Внуки у него остаются, близнецы, драчуны-бандиты чумазые, Петька и Сашка, и ни с чем не сравнимое умилительное удовольствие доставлять им радость. Дочь у него остается, Катька-неудачница, перед которой постоянно чувствуешь вину, а за что — непонятно: наверное, за то, что она твоя, плоть от плоти, в тебя пошла и характером, и судьбой. И водочка под соленые грузди в Клубе... Банально, я понимаю, — водочка; так ведь и все радости банальны! А безответственный, вполпьяна, треп в Клубе, это что, не банально? А беспричинный восторг, когда летом выйдешь в одних трусах спозаранку в лоджию, и синее небо, и пустынное еще шоссе, и розовые стены домов напротив, и уже длинные синеватые тени тянутся через пустырь, и воробьи галдят в пышно-зеленых зарослях на пустыре? Тоже банально, однако никогда не надоедает...

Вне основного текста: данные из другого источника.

(* Let $A$ be a $d\times n$ integer matrix of rank $d$ and let $\tilde A$ be the $(d+1)\times(n+1)$ integer matrix whose first row is $(1,\ldots,1)$ and whose remaining rows are $(a_{i1},\ldots,a_{in},0)$, $i=1,\ldots,d$. Let $\tilde w=(1,\ldots,1,0)\in\mathbf{R}^{n+1}$. Then for any $\varepsilon>0$ there exists $\tilde v\in\mathbf{R}^{n+1}$ with $\tilde v_{n+1}=0$ such that $\tilde w+\varepsilon\tilde v$ lies in the interior of a maximal dimensional Gröbner cone of the toric ideal $I_{\tilde A}$.
   Context: For an integer matrix $M$ with columns $m_1,\ldots,m_N$, the toric ideal $I_M\subset\mathbf{C}[\partial_1,\ldots,\partial_N]$ is the ideal generated by $\partial^u-\partial^v$ for $u,v\in\mathbf{Z}_{\ge0}^N$ with $Mu=Mv$. The Gröbner cones of $I_M$ are the cones of the Gröbner fan of $I_M$ (the sets of weight vectors inducing the same initial ideal). *)

theory Defs
  imports "HOL-Analysis.Analysis" "HOL-Library.Poly_Mapping"
begin

type_synonym 'v mpoly = "('v \<Rightarrow>\<^sub>0 nat) \<Rightarrow>\<^sub>0 complex"

definition monom :: "('v \<Rightarrow>\<^sub>0 nat) \<Rightarrow> 'v mpoly" where
  "monom u = Poly_Mapping.single u 1"

definition is_ideal :: "'a::comm_ring_1 set \<Rightarrow> bool" where
  "is_ideal J \<longleftrightarrow> 0 \<in> J \<and> (\<forall>a\<in>J. \<forall>b\<in>J. a + b \<in> J) \<and> (\<forall>r. \<forall>a\<in>J. r * a \<in> J)"

definition ideal_gen :: "'a::comm_ring_1 set \<Rightarrow> 'a set" where
  "ideal_gen S = \<Inter>{J. is_ideal J \<and> S \<subseteq> J}"

definition mat_mult_exp :: "int^'v^'r \<Rightarrow> ('v::finite \<Rightarrow>\<^sub>0 nat) \<Rightarrow> int^'r" where
  "mat_mult_exp M u = (\<chi> r. \<Sum>j\<in>UNIV. M $ r $ j * int (Poly_Mapping.lookup u j))"

definition toric_ideal :: "int^'v^'r \<Rightarrow> ('v::finite) mpoly set" where
  "toric_ideal M = ideal_gen {monom u - monom v | u v. mat_mult_exp M u = mat_mult_exp M v}"

definition wdeg :: "real^'v \<Rightarrow> ('v::finite \<Rightarrow>\<^sub>0 nat) \<Rightarrow> real" where
  "wdeg w u = (\<Sum>j\<in>UNIV. w $ j * real (Poly_Mapping.lookup u j))"

definition init_form :: "real^'v \<Rightarrow> ('v::finite) mpoly \<Rightarrow> 'v mpoly" where
  "init_form w f =
     (let m = Max (wdeg w ` Poly_Mapping.keys f) in
      (\<Sum>u\<in>{u \<in> Poly_Mapping.keys f. wdeg w u = m}. Poly_Mapping.single u (Poly_Mapping.lookup f u)))"

definition init_ideal :: "real^'v \<Rightarrow> ('v::finite) mpoly set \<Rightarrow> 'v mpoly set" where
  "init_ideal w I = ideal_gen (init_form w ` I)"

definition groebner_cone :: "('v::finite) mpoly set \<Rightarrow> real^'v \<Rightarrow> (real^'v) set" where
  "groebner_cone I w = {w'. init_ideal w' I = init_ideal w I}"

definition groebner_cones :: "('v::finite) mpoly set \<Rightarrow> (real^'v) set set" where
  "groebner_cones I = range (groebner_cone I)"

definition maximal_dim :: "(real^'v::finite) set \<Rightarrow> bool" where
  "maximal_dim C \<longleftrightarrow> aff_dim C = int CARD('v)"

text \<open>The homogenized matrix tilde A: columns 'n option (None = new last column),
  rows 'd option (None = new first row of ones).\<close>
definition homog_mat :: "int^'n::finite^'d::finite \<Rightarrow> int^('n option)^('d option)" where
  "homog_mat A = (\<chi> r j. case r of None \<Rightarrow> 1
                    | Some i \<Rightarrow> (case j of None \<Rightarrow> 0 | Some j' \<Rightarrow> A $ i $ j'))"
(* Let $\mathcal C$ be a set of cycles and $m\ge1$. There exists a nonsingular $m$-stage FSR $f$ with $\Omega(f)=\mathcal C$ if and only if (i) $\sum_{c\in\mathcal C}\mathrm{per}(c)=2^m$, and (ii) the map $v\mapsto \mathrm{lbit}_m(v)$ is injective on $\bigcup_{c\in\mathcal C}\Omega_{m+1}(c)$.
   Context: An $m$-stage FSR with feedback logic $f_1:\{0,1\}^m\to\{0,1\}$ has state transformation $F(x_0,\dots,x_{m-1})=(x_1,\dots,x_{m-1},f_1(x_0,\dots,x_{m-1}))$ and generates the binary sequences $s:\mathbb Z\to\{0,1\}$ with $s(t+m)=f_1(s(t),\dots,s(t+m-1))$ for all $t$; it is nonsingular if $F$ is bijective. A periodic sequence $s$ of least period $p$ determines the cycle $[s(0),\dots,s(p-1)]$ (shifts of $s$ give the same cycle), with $\mathrm{per}(c)=p$. The cycle structure $\Omega(f)$ is the set of cycles of the sequences generated by $f$. For a cycle $c$ given by $s$ with period $p$, $\Omega_k(c)=\{(s(i),s((i+1)\bmod p),\dots,s((i+k-1)\bmod p)):0\le i<p\}\subseteq\{0,1\}^k$. For $v=(a_1,\dots,a_{m+1})$, $\mathrm{lbit}_m(v)=(a_2,\dots,a_{m+1})$ (last $m$ coordinates). *)

theory Defs
  imports Main
begin

definition window :: "(int \<Rightarrow> bool) \<Rightarrow> int \<Rightarrow> nat \<Rightarrow> bool list" where
  "window s i k = map (\<lambda>j. s (i + int j)) [0..<k]"

definition periodic_seq :: "(int \<Rightarrow> bool) \<Rightarrow> bool" where
  "periodic_seq s \<longleftrightarrow> (\<exists>p::nat. p > 0 \<and> (\<forall>t. s (t + int p) = s t))"

definition least_period :: "(int \<Rightarrow> bool) \<Rightarrow> nat" where
  "least_period s = (LEAST p::nat. p > 0 \<and> (\<forall>t. s (t + int p) = s t))"

definition cycle_of :: "(int \<Rightarrow> bool) \<Rightarrow> (int \<Rightarrow> bool) set" where
  "cycle_of s = {(\<lambda>t. s (t + k)) | k. True}"

definition is_cycle :: "(int \<Rightarrow> bool) set \<Rightarrow> bool" where
  "is_cycle c \<longleftrightarrow> (\<exists>s. periodic_seq s \<and> c = cycle_of s)"

definition per :: "(int \<Rightarrow> bool) set \<Rightarrow> nat" where
  "per c = least_period (SOME s. s \<in> c)"

definition Omega_k :: "nat \<Rightarrow> (int \<Rightarrow> bool) set \<Rightarrow> bool list set" where
  "Omega_k k c = {window s 0 k | s. s \<in> c}"

definition lbit :: "nat \<Rightarrow> bool list \<Rightarrow> bool list" where
  "lbit m v = drop (length v - m) v"

text \<open>FSR with feedback logic f1 on m-bit states (bool lists of length m).\<close>
definition fsr_F :: "(bool list \<Rightarrow> bool) \<Rightarrow> bool list \<Rightarrow> bool list" where
  "fsr_F f1 x = tl x @ [f1 x]"

definition nonsingular :: "nat \<Rightarrow> (bool list \<Rightarrow> bool) \<Rightarrow> bool" where
  "nonsingular m f1 \<longleftrightarrow> bij_betw (fsr_F f1) {x. length x = m} {x. length x = m}"

definition generates :: "nat \<Rightarrow> (bool list \<Rightarrow> bool) \<Rightarrow> (int \<Rightarrow> bool) \<Rightarrow> bool" where
  "generates m f1 s \<longleftrightarrow> (\<forall>t. s (t + int m) = f1 (window s t m))"

definition cycle_structure :: "nat \<Rightarrow> (bool list \<Rightarrow> bool) \<Rightarrow> (int \<Rightarrow> bool) set set" where
  "cycle_structure m f1 = {cycle_of s | s. generates m f1 s \<and> periodic_seq s}"

end

(*
  A nonsingular FSR is deterministic in both time directions. Hence distinct cycles have disjoint
  sets of m-windows, a cycle of period p has exactly p of them, and an (m + 1)-window is determined
  by its last m bits, i.e. by the following state. Since every state lies on a cycle, the periods
  add up to 2^m.

  Conversely, under (ii) the feedback "last bit of the (m + 1)-window of a cycle that starts with
  the current state" is well defined and generates every cycle of C, and its state transformation
  is injective on their m-windows. These are then counted by the periods, so by (i) they are all
  2^m states: the FSR is nonsingular and has no further cycles.
*)
theory Submission
  imports Defs "HOL-Combinatorics.Cycles"
begin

Бывают, конечно, деятели, для которых все радости и горести воплощаются именно в деяниях. Их хлебом не корми, а дай порох открыть, Валдайские горы походом форсировать или какое другое кровопролитие совершить. Ну и пусть их. А мы — люди маленькие. С нас и воробьев по утрам предовольно. И вот что: не забыть бы сегодня хоть коробку шоколада для близнецов купить. Или игрушки...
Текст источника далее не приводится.